The goal of the program is to shift from a reactive to a proactive approach by detecting data breaches and supporting existing data protection regulations, especially in complex cross-border incidents affecting US and EU consumers who share their personal information with online services and data processors located abroad. For example, in cases of previously undisclosed data breaches, impacted consumers remain extremely vulnerable due to a lack of proper mechanisms to inform them of such incidents or frameworks to cover potential damages. The program aims to establish transparency in responsible data breach disclosure and to facilitate the harmonization of cybersecurity practices worldwide to protect consumers and organizations.

The need for information sharing about data breaches and security incidents was one of the central topics at the past RSA Conference 2026 in San Francisco. The experts agreed on the importance of increasing transparency around breaches, as well as establishing voluntary reporting channels. Resecurity arranged thousands of victim notifications to increase awareness among the affected consumers.
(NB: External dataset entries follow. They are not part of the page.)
(* Let $\mathcal N$ be an $(M,N,q)$-Schreier norming set. Let $k\ge2$ and let $a_1,\dots,a_{k-1}$ be non-negative integers, not all zero. If $x_1^*,\dots,x_t^*\in\mathcal N$ is an $S_{\sum_{\ell<k}a_\ell n_{2\ell}}$-admissible block sequence and $(\beta_i)_{i=1}^t\in Ba(\ell_q)$, then $$\frac{1}{\prod_{\ell<k}m_{2\ell}^{a_\ell}}\sum_{i=1}^t\beta_ix_i^*\in\mathcal N.$$
   Context: Notation. $c_{00}$ is the space of finitely supported real sequences, $(e_i)_{i\ge1}$ its unit vector basis and $(e_i^* )_{i\ge1}$ the biorthogonal functionals. For a functional $x^*=\sum_i a_ie_i^*$, ${\rm supp}\,x^*=\{i:a_i\neq0\}$. For finite $E,F\subset\mathbb N$, $E<F$ means $\max E<\min F$. $Ba(\ell_q)$ is the closed unit ball of $\ell_q$ (applied to finite scalar sequences). For an interval $E\subset\mathbb N$, $Ex^*$ is the restriction of $x^*$ to the coordinates in $E$. Schreier families: $S_0=\{\{n\}:n\in\mathbb N\}\cup\{\emptyset\}$ and $S_{n+1}=\{\bigcup_{i=1}^mF_i: m\in\mathbb N,\ F_i\in S_n,\ m\le\min F_1,\ F_1<\dots<F_m\}\cup\{\emptyset\}$. Successive finite sets $E_1<\dots<E_k$ are $S_n$-admissible if $\{\min E_1,\dots,\min E_k\}\in S_n$; a finite block sequence $x_1^*,\dots,x_k^*$ (${\rm supp}\,x_1^*<\dots<{\rm supp}\,x_k^*$) is $S_n$-admissible if $({\rm supp}\,x_i^* )_{i=1}^k$ is. Sequences. $M=(m_i)$, $N=(n_i)$ are increasing sequences of positive integers such that (i) $m_1>3$, $m_2=m_1^5$, $m_{2j+1}=m_{2j}^5$ for $j\ge1$, and there is an increasing sequence $(s_i)$ of positive integers with $m_{2j}=\prod_{i=1}^{j-1}m_{2i}^{s_i}$ for $j\ge2$; (ii) defining for $j\ge2$ $f_j=\max\{\rho n_1+\sum_{1\le i<j}\rho_in_{2i}:\ \rho,\rho_i\in\mathbb N\cup\{0\},\ m_1^{\rho}\prod_{1\le i<j}m_{2i}^{\rho_i}<m_{2j}\}$, one has $4f_j<n_{2j}$ for all $j\ge2$, and $5n_1<n_2$. Norming sets. A set $\mathcal N\subset{\rm span}\{e_i^*\}$ is norming if it contains every $e_n^*$, satisfies $|x^*(e_n)|\le1$ for all $x^*\in\mathcal N$, $n\in\mathbb N$, is symmetric, and $Ex^*\in\mathcal N$ for all $x^*\in\mathcal N$ and intervals $E\subset\mathbb N$. $(M,N,q)$-Schreier. Let $1<p,q<\infty$, $1/p+1/q=1$. For $k\ge1$ let $\mathcal N_k$ be the set of all $\frac1{m_{2k}}\sum_{i=1}^d\gamma_ix_i^*$ where $d\in\mathbb N$, $(\gamma_i)_{i=1}^d\in Ba(\ell_q)$, and $x_1^*,\dots,x_d^*\in\mathcal N$ is an $S_{n_{2k}}$-admissible block sequence. Let $\mathcal N^q_\infty$ be the union over $k\ge0$ of the sets of all $\frac1{m_{2k+1}}\sum_{i=1}^d\gamma_iEx_i^*$ where $(\gamma_i)\in 2^{1/p}Ba(\ell_q)$, $E$ is an interval of $\mathbb N$, $x_1^*,\dots,x_d^*$ is an $S_{n_{2k+1}}$-admissible block sequence with $x_i^*\in\mathcal N_{j_i}$ and $j_1,\dots,j_d$ pairwise distinct. A norming set $\mathcal N$ is $(M,N,q)$-Schreier if $\mathcal N_j\subset\mathcal N$ for all $j\ge1$ and $\mathcal N\subset\bigcup_{j\ge1}\mathcal N_j\cup\mathcal N^q_\infty\cup\{\pm e_n^*:n\in\mathbb N\}$. *)

theory Defs
  imports Complex_Main
begin

text \<open>Functionals in span of the e_i^* are modelled as finitely supported functions
  nat \<Rightarrow> real vanishing at 0 (coordinates are indexed by positive integers).\<close>

type_synonym fnl = "nat \<Rightarrow> real"

definition supp :: "fnl \<Rightarrow> nat set" where
  "supp x = {i. x i \<noteq> 0}"

definition unit_fnl :: "nat \<Rightarrow> fnl" where
  "unit_fnl n = (\<lambda>i. if i = n then 1 else 0)"

definition is_interval :: "nat set \<Rightarrow> bool" where
  "is_interval E \<longleftrightarrow> (\<forall>a b c. a \<in> E \<longrightarrow> c \<in> E \<longrightarrow> a \<le> b \<longrightarrow> b \<le> c \<longrightarrow> b \<in> E)"

definition restr :: "nat set \<Rightarrow> fnl \<Rightarrow> fnl" where
  "restr E x = (\<lambda>i. if i \<in> E then x i else 0)"

definition set_less :: "nat set \<Rightarrow> nat set \<Rightarrow> bool" where
  "set_less E F \<longleftrightarrow> (\<forall>a\<in>E. \<forall>b\<in>F. a < b)"

definition successive :: "nat set list \<Rightarrow> bool" where
  "successive Fs \<longleftrightarrow> (\<forall>i j. i < j \<longrightarrow> j < length Fs \<longrightarrow> set_less (Fs ! i) (Fs ! j))"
Adding transparency around data breaches will ensure that consumers have the right to protect their privacy and may also be eligible for compensation in case such events cause damage.

The Saludsa data breach is a great example of why this program is so critical. Victims in Latin America remain unaware of such incidents—putting their privacy at risk. Organizations need to implement robust cybersecurity controls to mitigate such incidents before they cause any damage. Resecurity remains committed to protecting consumers and organizations worldwide by providing actionable intelligence and solutions to prevent breaches at an early stage.